**Directions for this task:** In the records below, which lines include "with"? Copy them.

Available data Block Start

lemma sum_le_3_of_utility_increments:
  fixes p u :: "nat \<Rightarrow> real"
  assumes u0: "\<And>i. 0 \<le> u i" and u_le: "\<And>i. u i \<le> 2 ^ i"
    and p_le: "\<And>i. p i \<le> u (Suc i) - 2 * u i + 1"
  shows "(\<Sum>i\<in>{1..n}. p i / 2 ^ i) \<le> 3"
proof -
  have step: "p i / 2 ^ i \<le> 2 * (u (Suc i) / 2 ^ Suc i) - 2 * (u i / 2 ^ i) + (1 / 2) ^ i" for i
  proof -
    have "p i / 2 ^ i \<le> (u (Suc i) - 2 * u i + 1) / 2 ^ i"
      using p_le[of i] by (simp add: divide_right_mono)
    then show ?thesis by (simp add: field_simps power_one_over)
  qed
  have telescope: "(\<Sum>i\<in>{1..n}. p i / 2 ^ i) \<le> 2 * (u (Suc n) / 2 ^ Suc n) + 1 - (1 / 2) ^ n" for n
  proof (induction n)
    case 0
    then show ?case using u0[of 1] by simp
  next
    case (Suc n)
    then show ?case using step[of "Suc n"] by simp
  qed
  have "u (Suc n) / 2 ^ Suc n \<le> 1" using u_le[of "Suc n"] by simp
  moreover have "(0::real) \<le> (1 / 2) ^ n" by simp
  ultimately show ?thesis using telescope[of n] by linarith
qed

lemma sum_payment_raised_val_le:
  assumes A: "is_auction m A" and T: "T \<subseteq> {..<m}"
  shows "(\<Sum>i\<in>{1..n}. payment m A (raised_val m T (2 ^ i)) / 2 ^ i) \<le> 3"
proof (rule sum_le_3_of_utility_increments)
  fix i
  have "raised_val m T (2 ^ i) \<in> vals_box m (2 ^ i)" by (rule raised_val_in_vals_box) auto
  then show "0 \<le> bidder_utility m A (raised_val m T (2 ^ i))"
    and "bidder_utility m A (raised_val m T (2 ^ i)) \<le> 2 ^ i"
    using bidder_utility_nonneg[OF A] vals_box_subset_all_vals bidder_utility_le[OF A] by auto
  show "payment m A (raised_val m T (2 ^ i))
          \<le> bidder_utility m A (raised_val m T (2 ^ Suc i))
            - 2 * bidder_utility m A (raised_val m T (2 ^ i)) + 1"
    using payment_le_utility_increment[OF A T, of "2 ^ i"] by simp
qed

section \<open>Codes of large distance\<close>

definition code_words :: "nat \<Rightarrow> (nat \<Rightarrow> nat) set" where
  "code_words b = PiE {..<b} (\<lambda>_. {..<16})"

definition agreement :: "nat \<Rightarrow> (nat \<Rightarrow> nat) \<Rightarrow> (nat \<Rightarrow> nat) \<Rightarrow> nat" where
  "agreement b f g = card {x\<in>{..<b}. f x = g x}"

text \<open>The items are split into blocks of 16; the word \<open>f\<close> selects item \<open>f x\<close> of block \<open>x\<close>.\<close>
definition word_support :: "nat \<Rightarrow> (nat \<Rightarrow> nat) \<Rightarrow> nat set" where
  "word_support b f = (\<lambda>x. x * 16 + f x) ` {..<b}"

lemma finite_code_words: "finite (code_words b)"
  unfolding code_words_def by (simp add: finite_PiE)

lemma card_code_words: "card (code_words b) = 16 ^ b"
  unfolding code_words_def by (simp add: card_PiE)

lemma code_words_less: "f \<in> code_words b \<Longrightarrow> x < b \<Longrightarrow> f x < 16"
  unfolding code_words_def by (auto simp: PiE_iff)

lemma agreement_self: "agreement b f f = b"
  unfolding agreement_def by simp

lemma agreement_commute: "agreement b f g = agreement b g f"
  unfolding agreement_def by (rule arg_cong[where f = card]) auto

lemma block_encoding_eq:
  fixes x y a c :: nat
  assumes "x * 16 + a = y * 16 + c" "a < 16" "c < 16"
  shows "x = y \<and> a = c"
proof -
  have "x = (x * 16 + a) div 16" "y = (y * 16 + c) div 16" using assms by auto
  then show ?thesis using assms(1) by simp
qed

lemma finite_word_support: "finite (word_support b f)"
  unfolding word_support_def by simp

lemma word_support_subset:
  assumes "16 * b \<le> m" "f \<in> code_words b"
  shows "word_support b f \<subseteq> {..<m}"
proof
  fix j assume "j \<in> word_support b f"
  then obtain x where "x < b" "j = x * 16 + f x" unfolding word_support_def by blast
  with assms code_words_less[OF assms(2)] show "j \<in> {..<m}" by fastforce
qed

lemma card_word_support_inter:
  assumes f: "f \<in> code_words b" and g: "g \<in> code_words b"
  shows "card (word_support b f \<inter> word_support b g) = agreement b f g"
proof -
  let ?E = "{x\<in>{..<b}. f x = g x}"
  have "word_support b f \<inter> word_support b g \<subseteq> (\<lambda>x. x * 16 + f x) ` ?E"
  proof
    fix j assume "j \<in> word_support b f \<inter> word_support b g"
    then obtain x y where xy: "x < b" "y < b" "j = x * 16 + f x" "j = y * 16 + g y"
      unfolding word_support_def by blast
    then have "x * 16 + f x = y * 16 + g y" by simp
    then have "x = y \<and> f x = g y"
      by (rule block_encoding_eq[OF _ code_words_less[OF f xy(1)] code_words_less[OF g xy(2)]])
    then show "j \<in> (\<lambda>x. x * 16 + f x) ` ?E" using xy by (intro image_eqI[where x = x]) auto
  qed
  moreover have "(\<lambda>x. x * 16 + f x) ` ?E \<subseteq> word_support b f \<inter> word_support b g"
  proof
    fix j assume "j \<in> (\<lambda>x. x * 16 + f x) ` ?E"
    then obtain x where x: "x < b" "f x = g x" "j = x * 16 + f x" by blast
    then have "j = x * 16 + g x" by simp
    with x show "j \<in> word_support b f \<inter> word_support b g"
      unfolding word_support_def by blast
  qed
  ultimately have eq: "word_support b f \<inter> word_support b g = (\<lambda>x. x * 16 + f x) ` ?E" ..
  have "inj_on (\<lambda>x. x * 16 + f x) ?E"
  proof (rule inj_onI)
    fix x y assume "x \<in> ?E" "y \<in> ?E" "x * 16 + f x = y * 16 + f y"
    then show "x = y" using block_encoding_eq code_words_less[OF f] by blast
  qed
  then show ?thesis unfolding agreement_def eq by (rule card_image)
qed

Available data Block End

**Answer for this exercise:**
  with assms code_words_less[OF assms(2)] show "j \<in> {..<m}" by fastforce
    with x show "j \<in> word_support b f \<inter> word_support b g"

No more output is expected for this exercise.